*Brief:* Below is a listing from which only part is wanted; return exactly the lines from the one with "using card_tangents_secants_through[OF assms]" up to and including the one with "(* Let $\mathcal".

*Data extract:*
lemma sum_card_tangents_through_squared:
  "(\<Sum>s\<in>off_oval. card (tangents_through s)^2) = 2 * ((CARD('a) + 1) * (CARD('a)^2 - CARD('a)))"
proof -
  let ?q = "CARD('a)"
  let ?R = "\<lambda>s (p :: 'n \<times> 'n). s \<in> tangent (fst p) \<and> s \<in> tangent (snd p)"
  have "card (tangents_through s)^2 = card {p\<in>UNIV. ?R s p}" for s
  proof -
    have "{p\<in>UNIV. ?R s p} = tangents_through s \<times> tangents_through s"
      unfolding tangents_through_def by auto
    then show ?thesis by (simp add: card_cartesian_product power2_eq_square)
  qed
  then have "(\<Sum>s\<in>off_oval. card (tangents_through s)^2) = (\<Sum>p\<in>UNIV. card {s\<in>off_oval. ?R s p})"
    using sum_card_swap[of off_oval UNIV ?R] by simp
  also have "\<dots> = (\<Sum>i\<in>UNIV. \<Sum>j\<in>UNIV. card {s\<in>off_oval. s \<in> tangent i \<and> s \<in> tangent j})"
    by (simp add: UNIV_Times_UNIV[symmetric] sum.cartesian_product case_prod_beta del: UNIV_Times_UNIV)
  also have "\<dots> = (\<Sum>i\<in>(UNIV :: 'n set). 2 * (?q^2 - ?q))"
  proof (rule sum.cong)
    fix i :: 'n
    have "(\<Sum>j\<in>UNIV. card {s\<in>off_oval. s \<in> tangent i \<and> s \<in> tangent j})
        = card {s\<in>off_oval. s \<in> tangent i \<and> s \<in> tangent i}
          + (\<Sum>j\<in>UNIV - {i}. card {s\<in>off_oval. s \<in> tangent i \<and> s \<in> tangent j})"
      by (rule sum.remove) auto
    also have "\<dots> = (?q^2 - ?q) + (\<Sum>j\<in>UNIV - {i}. ?q - 1)"
      using card_off_oval_on_tangent card_off_oval_on_two_tangents by simp
    also have "\<dots> = (?q^2 - ?q) + ?q * (?q - 1)"
      using card_index by (simp add: card_Diff_subset)
    also have "\<dots> = 2 * (?q^2 - ?q)"
      by (simp add: power2_eq_square diff_mult_distrib2)
    finally show "(\<Sum>j\<in>UNIV. card {s\<in>off_oval. s \<in> tangent i \<and> s \<in> tangent j}) = 2 * (?q^2 - ?q)" .
  qed simp
  finally show ?thesis using card_index by simp
qed

lemma card_tangents_through_le_2:
  assumes "s \<in> off_oval"
  shows "card (tangents_through s) \<le> 2"
proof -
  let ?t = "\<lambda>s. card (tangents_through s)"
  have le: "2 * ?t s \<le> ?t s ^ 2" if "s \<in> off_oval" for s
  proof -
    have "even (?t s)"
      using card_tangents_secants_through[OF that] odd_card by presburger
    then have "?t s \<noteq> 1" by auto
    then show ?thesis by (cases "?t s") (auto simp: power2_eq_square)
  qed
  have "(\<Sum>s\<in>off_oval. ?t s ^ 2 - 2 * ?t s) = (\<Sum>s\<in>off_oval. ?t s ^ 2) - (\<Sum>s\<in>off_oval. 2 * ?t s)"
    using le by (intro sum_subtractf_nat) blast
  also have "\<dots> = 0"
    using sum_card_tangents_through sum_card_tangents_through_squared
    by (simp add: sum_distrib_left[symmetric])
  finally have "?t s ^ 2 \<le> 2 * ?t s" using assms by simp
  then show ?thesis by (cases "?t s \<le> 2") (auto simp: power2_eq_square)
qed

lemma card_secants_through_ge:
  assumes "s \<in> off_oval"
  shows "(CARD('a) - 1) div 2 \<le> card (secants_through s)"
  using card_tangents_secants_through[OF assms] card_tangents_through_le_2[OF assms] by linarith

lemma secants_through_nonempty: "s \<in> off_oval \<Longrightarrow> secants_through s \<noteq> {}"
  using card_secants_through_ge card_field_ge_3 by fastforce
(* Let $\mathcal D=(D,<,\rho)$ be a computable partially ordered set. Let $c:\{0,1\}^*\times\{0,1\}^*\to\{0,1\}^*$ be a total computable injective map, and let $J:\mathbb N\times\mathbb N\to\mathbb N$ and $M\in\mathbb N$ be such that $|c(p,q)|\le J(|p|,|q|)+M$ for all $p,q\in\{0,1\}^*$. Then $$K^D\le_{ct}J(K^{\mathcal D}_{\min},K^{\mathcal D}_{\max}).$$ In particular (with the convention $\log(0)=0$), $K^D\le_{ct}(K^{\mathcal D}_{\max}+\log(K^{\mathcal D}_{\max}))+(K^{\mathcal D}_{\min}+\log(K^{\mathcal D}_{\min}))$.
   Context: A computable partially ordered set is a triple $\mathcal D=(D,<,\rho)$ where $\rho:\mathbb N\to D$ is a bijection and $<$ is a strict partial order on $D$ with $\{(m,n):\rho(m)<\rho(n)\}$ computable; partial computability of maps into $D$ is via $\rho^{-1}$. For a partial $f:\{0,1\}^*\times\mathbb N\to D$ monotone increasing in its second argument on its domain, $\max^{\mathcal D}f$ is the partial function defined exactly at those $p$ for which $\{f(p,t):t,\ f(p,t)\text{ defined}\}$ is finite and non-empty, with value its maximum element. $\mathrm{Max}_{\mathrm{PR}}[\{0,1\}^*\to\mathcal D]$ is the class of all $\max^{\mathcal D}f$ with $f$ partial computable and monotone increasing in its second argument. For partial $\varphi:\{0,1\}^*\to D$, $K_\varphi(d)=\min\{|p|:\varphi(p)=d\}$. $K^D$ is $K_\varphi$ for $\varphi$ optimal among partial computable functions $\{0,1\}^*\to D$ (i.e. for every partial computable $\psi$, $K_\varphi\le K_\psi+c$ wherever $K_\psi$ is defined, for some constant $c$). $K^{\mathcal D}_{\max}$ is $K_U$ for some $U$ optimal in the same sense within $\mathrm{Max}_{\mathrm{PR}}[\{0,1\}^*\to\mathcal D]$; $K^{\mathcal D}_{\min}$ is $K^{\mathcal D'}_{\max}$ for the reverse order $\mathcal D'=(D,>,\rho)$. All are total functions $D\to\mathbb N$ defined up to an additive constant. $f\le_{ct}g$ iff $\exists c\,\forall d\ f(d)\le g(d)+c$. *)

theory Defs
  imports Complex_Main
begin

datatype recf = Z | S | Proj nat | Comp recf "recf list" | Prim recf recf | Mn recf

inductive eval :: "recf \<Rightarrow> nat list \<Rightarrow> nat \<Rightarrow> bool" where
  evZ: "eval Z xs 0"
| evS: "eval S (x # xs) (Suc x)"
| evProj: "i < length xs \<Longrightarrow> eval (Proj i) xs (xs ! i)"
| evComp: "list_all2 (\<lambda>g y. eval g xs y) gs ys \<Longrightarrow> eval f ys z \<Longrightarrow> eval (Comp f gs) xs z"
| evPrim0: "eval f xs z \<Longrightarrow> eval (Prim f g) (0 # xs) z"
| evPrimS: "eval (Prim f g) (n # xs) y \<Longrightarrow> eval g (y # n # xs) z \<Longrightarrow> eval (Prim f g) (Suc n # xs) z"
| evMn: "eval g (z # xs) 0 \<Longrightarrow> (\<forall>i<z. \<exists>y. 0 < y \<and> eval g (i # xs) y) \<Longrightarrow> eval (Mn g) xs z"

section \<open>Binary strings {0,1}^* as bool lists, coded bijectively by naturals\<close>

fun enc :: "bool list \<Rightarrow> nat" where
  "enc [] = 0"
| "enc (b # bs) = 2 * enc bs + (if b then 2 else 1)"

text \<open>D is the type 'd, lt the strict order, rho the numbering.\<close>
definition computable_poset :: "('d \<Rightarrow> 'd \<Rightarrow> bool) \<Rightarrow> (nat \<Rightarrow> 'd) \<Rightarrow> bool" where
  "computable_poset lt rho \<longleftrightarrow>
     bij rho \<and> (\<forall>x. \<not> lt x x) \<and> (\<forall>x y z. lt x y \<longrightarrow> lt y z \<longrightarrow> lt x z) \<and>
     (\<exists>r. \<forall>m n z. eval r [m, n] z \<longleftrightarrow> z = (if lt (rho m) (rho n) then 1 else 0))"

text \<open>Partial computable maps {0,1}^* -> D and {0,1}^* x N -> D (via rho^-1).\<close>
definition pc_str :: "(nat \<Rightarrow> 'd) \<Rightarrow> (bool list \<Rightarrow> 'd option) \<Rightarrow> bool" where
  "pc_str rho \<phi> \<longleftrightarrow> (\<exists>r. \<forall>p z. eval r [enc p] z \<longleftrightarrow> \<phi> p = Some (rho z))"

definition pc_str_nat :: "(nat \<Rightarrow> 'd) \<Rightarrow> (bool list \<Rightarrow> nat \<Rightarrow> 'd option) \<Rightarrow> bool" where
  "pc_str_nat rho f \<longleftrightarrow> (\<exists>r. \<forall>p t z. eval r [enc p, t] z \<longleftrightarrow> f p t = Some (rho z))"

definition total_computable2 :: "(bool list \<Rightarrow> bool list \<Rightarrow> bool list) \<Rightarrow> bool" where
  "total_computable2 c \<longleftrightarrow> (\<exists>r. \<forall>p q z. eval r [enc p, enc q] z \<longleftrightarrow> z = enc (c p q))"

definition PC :: "(nat \<Rightarrow> 'd) \<Rightarrow> (bool list \<Rightarrow> 'd option) set" where
  "PC rho = {\<phi>. pc_str rho \<phi>}"

definition mono_incr :: "('d \<Rightarrow> 'd \<Rightarrow> bool) \<Rightarrow> (bool list \<Rightarrow> nat \<Rightarrow> 'd option) \<Rightarrow> bool" where
  "mono_incr lt f \<longleftrightarrow> (\<forall>p t t' a b. t \<le> t' \<longrightarrow> f p t = Some a \<longrightarrow> f p t' = Some b \<longrightarrow> (a = b \<or> lt a b))"
lemma expectation_mem_random_subset:
  assumes "i < L" "k \<le> L"
  shows "measure_pmf.expectation (pmf_of_set {S. S \<subseteq> {..<L} \<and> card S = k}) (\<lambda>S. of_bool (i \<in> S))
    = real k / real L"
proof -
  let ?F = "{S. S \<subseteq> {..<L} \<and> card S = k}"
  note F = subsets_of_card[OF assms(2)]
  have "measure_pmf.expectation (pmf_of_set ?F) (\<lambda>S. of_bool (i \<in> S))
      = real (card {S \<in> ?F. i \<in> S}) / real (L choose k)"
    using F by (simp add: integral_pmf_of_set of_bool_def sum.If_cases Int_def conj_commute)
  also have "\<dots> = real k / real L"
  proof (cases "k = 0")
    case True
    then have "{S \<in> ?F. i \<in> S} = {}" by (auto dest: finite_subset)
    then show ?thesis using True by simp
  next
    case False
    have "{S \<in> ?F. i \<in> S} = {S. S \<subseteq> {..<L} \<and> card S = k \<and> i \<in> S}" by auto
    then have "real (card {S \<in> ?F. i \<in> S}) * real L = real (L choose k) * real k"
      using card_subsets_containing[OF assms(1)] False times_binomial_minus1_eq[of k L]
      by (simp add: mult.commute flip: of_nat_mult)
    moreover have "real (L choose k) > 0" "real L > 0" using assms by auto
    ultimately show ?thesis by (simp add: field_simps)
  qed
  finally show ?thesis .
qed

lemma sub_choice_eq_map_pmf_subsets:
  "sub_choice k e = map_pmf (\<lambda>S. mset (nths (sorted_list_of_multiset e) S))
     (pmf_of_set {S. S \<subseteq> {..<size e} \<and> card S = k})"
  by (simp add: sub_choice_def)
lemma ad_x_diff_ops_in_monom_ideal:
  assumes "p \<le> 2 * n" "D \<in> diff_ops n p"
  shows "\<exists>g. ad_x n p D = mult_op n (monom 1 ((p + 1) div 2) * g :: 'a::field_char_0 poly)"
proof -
  obtain f where f: "ad_x n p D = mult_op n f"
    using ad_x_diff_ops_mult_op[OF assms(2)] by blast
  have "coeff f i = 0" if "i < (p + 1) div 2" for i
    using assms that by (intro coeff_ad_x_eq_0[OF _ f]) (auto simp: diff_ops_iff)
  then have "f = monom 1 ((p + 1) div 2) * poly_shift ((p + 1) div 2) f"
    by (rule monom_mult_poly_shift[symmetric])
  then show ?thesis
    using f by metis
qed

lemma monom_ideal_in_ad_x_diff_ops:
  assumes "p \<le> 2 * n"
  shows "mult_op n (monom 1 ((p + 1) div 2) * g) \<in> ad_x n p ` (diff_ops n p :: 'a::field_char_0 mat set)"
proof -
  define v where "v = (p + 1) div 2"
  have v: "v \<le> n" "p \<le> 2 * v"
    using assms by (auto simp: v_def)
  obtain c :: 'a where c: "c \<noteq> 0" "ad_x n (2 * v) (test_mat n v) = c \<cdot>\<^sub>m mult_op n (monom 1 v)"
    using ad_x_test_mat_monom[OF v(1)] by blast
  define D where "D = ad_x n (2 * v - p) (test_mat n v) * mult_op n (Polynomial.smult (inverse c) g)"
  have "ad_x n p (ad_x n (2 * v - p) (test_mat n v)) = ad_x n (2 * v) (test_mat n v :: 'a mat)"
    using v(2) by (metis ad_x_add le_add_diff_inverse)
  then have "ad_x n p D = ad_x n (2 * v) (test_mat n v) * mult_op n (Polynomial.smult (inverse c) g)"
    unfolding D_def by (subst ad_x_mult_mult_op) (simp_all add: test_mat_def)
  also have "\<dots> = c \<cdot>\<^sub>m (mult_op n (monom 1 v) * mult_op n (Polynomial.smult (inverse c) g))"
    unfolding c(2) by (rule mult_smult_assoc_mat[OF mult_op_carrier mult_op_carrier])
  also have "\<dots> = mult_op n (monom 1 v * g)"
    using c(1) by (simp add: mult_op_mult smult_mult_op mult_smult_right)
  finally have D_image: "ad_x n p D = mult_op n (monom 1 v * g)" .
  moreover have "D \<in> carrier_mat (Suc n) (Suc n)"
    unfolding D_def by (rule mult_carrier_mat[OF ad_x_carrier mult_op_carrier]) (simp add: test_mat_def)
  ultimately have "D \<in> diff_ops n p"
    by (simp add: diff_ops_iff ad_x_Suc comm_mult_op)
  then show ?thesis
    using D_image unfolding v_def by (metis image_eqI)
qed

lemma ad_x_image_diff_ops:
  assumes "p \<le> 2 * n"
  shows "ad_x n p ` (diff_ops n p :: 'a::field_char_0 mat set)
    = {mult_op n (monom 1 ((p + 1) div 2) * g) | g. True}"
  using ad_x_diff_ops_in_monom_ideal[OF assms] monom_ideal_in_ad_x_diff_ops[OF assms] by blast
text \<open>Each subset \<open>T\<close> with fewer than \<open>s\<close> elements in \<open>F\<close> has weight
  \<open>b powr (s - card (T \<inter> F)) \<ge> 1\<close>, and the total weight factorises over \<open>E\<close>.\<close>
lemma card_subsets_small_Int:
  fixes b s :: real
  assumes "finite E" and "F \<subseteq> E" and "1 \<le> b"
  shows "real (card {T \<in> Pow E. real (card (T \<inter> F)) < s})
    \<le> b powr s * 2 ^ card (E - F) * (1 + 1 / b) ^ card F"
proof -
  define w where "w x = (if x \<in> F then 1 / b else 1)" for x
  have prod_w: "(\<Prod>x\<in>T. w x) = (1 / b) ^ card (T \<inter> F)" if "T \<subseteq> E" for T
    using finite_subset[OF that assms(1)]
    by (simp add: w_def prod.If_cases Int_def)
  have "real (card {T \<in> Pow E. real (card (T \<inter> F)) < s}) = (\<Sum>T | T \<in> Pow E \<and> real (card (T \<inter> F)) < s. 1)"
    by simp
  also have "\<dots> \<le> (\<Sum>T\<in>Pow E. b powr s * (1 / b) ^ card (T \<inter> F))"
  proof (rule sum_le_included[where i = id])
    show "\<forall>T\<in>{T. T \<in> Pow E \<and> real (card (T \<inter> F)) < s}. \<exists>T'\<in>Pow E. id T' = T \<and> 1 \<le> b powr s * (1 / b) ^ card (T' \<inter> F)"
    proof
      fix T assume "T \<in> {T. T \<in> Pow E \<and> real (card (T \<inter> F)) < s}"
      then have "1 \<le> b powr (s - real (card (T \<inter> F)))"
        using assms(3) by (auto intro: ge_one_powr_ge_zero)
      also have "\<dots> = b powr s * (1 / b) ^ card (T \<inter> F)"
        using assms(3) by (simp add: powr_diff powr_realpow power_one_over)
      finally show "\<exists>T'\<in>Pow E. id T' = T \<and> 1 \<le> b powr s * (1 / b) ^ card (T' \<inter> F)"
        using \<open>T \<in> _\<close> by auto
    qed
  qed (use assms in auto)
  also have "\<dots> = b powr s * (\<Sum>T\<in>Pow E. (\<Prod>x\<in>T. w x) * (\<Prod>x\<in>E - T. 1))"
    by (simp add: sum_distrib_left prod_w)
  also have "(\<Sum>T\<in>Pow E. (\<Prod>x\<in>T. w x) * (\<Prod>x\<in>E - T. 1)) = (\<Prod>x\<in>E. w x + 1)"
    by (rule prod_add[OF assms(1), symmetric])
  also have "\<dots> = (\<Prod>x\<in>E. if x \<in> F then 1 + 1 / b else 2)"
    by (rule prod.cong) (auto simp: w_def)
  also have "\<dots> = (\<Prod>x\<in>F. 1 + 1 / b) * (\<Prod>x\<in>E - F. 2)"
    using assms(1,2) by (simp add: prod.If_cases Int_absorb1 Diff_eq)
  finally show ?thesis
    by (simp add: mult_ac)
qed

*Result:*
  using card_tangents_secants_through[OF assms] card_tangents_through_le_2[OF assms] by linarith

lemma secants_through_nonempty: "s \<in> off_oval \<Longrightarrow> secants_through s \<noteq> {}"
  using card_secants_through_ge card_field_ge_3 by fastforce
(* Let $\mathcal D=(D,<,\rho)$ be a computable partially ordered set. Let $c:\{0,1\}^*\times\{0,1\}^*\to\{0,1\}^*$ be a total computable injective map, and let $J:\mathbb N\times\mathbb N\to\mathbb N$ and $M\in\mathbb N$ be such that $|c(p,q)|\le J(|p|,|q|)+M$ for all $p,q\in\{0,1\}^*$. Then $$K^D\le_{ct}J(K^{\mathcal D}_{\min},K^{\mathcal D}_{\max}).$$ In particular (with the convention $\log(0)=0$), $K^D\le_{ct}(K^{\mathcal D}_{\max}+\log(K^{\mathcal D}_{\max}))+(K^{\mathcal D}_{\min}+\log(K^{\mathcal D}_{\min}))$.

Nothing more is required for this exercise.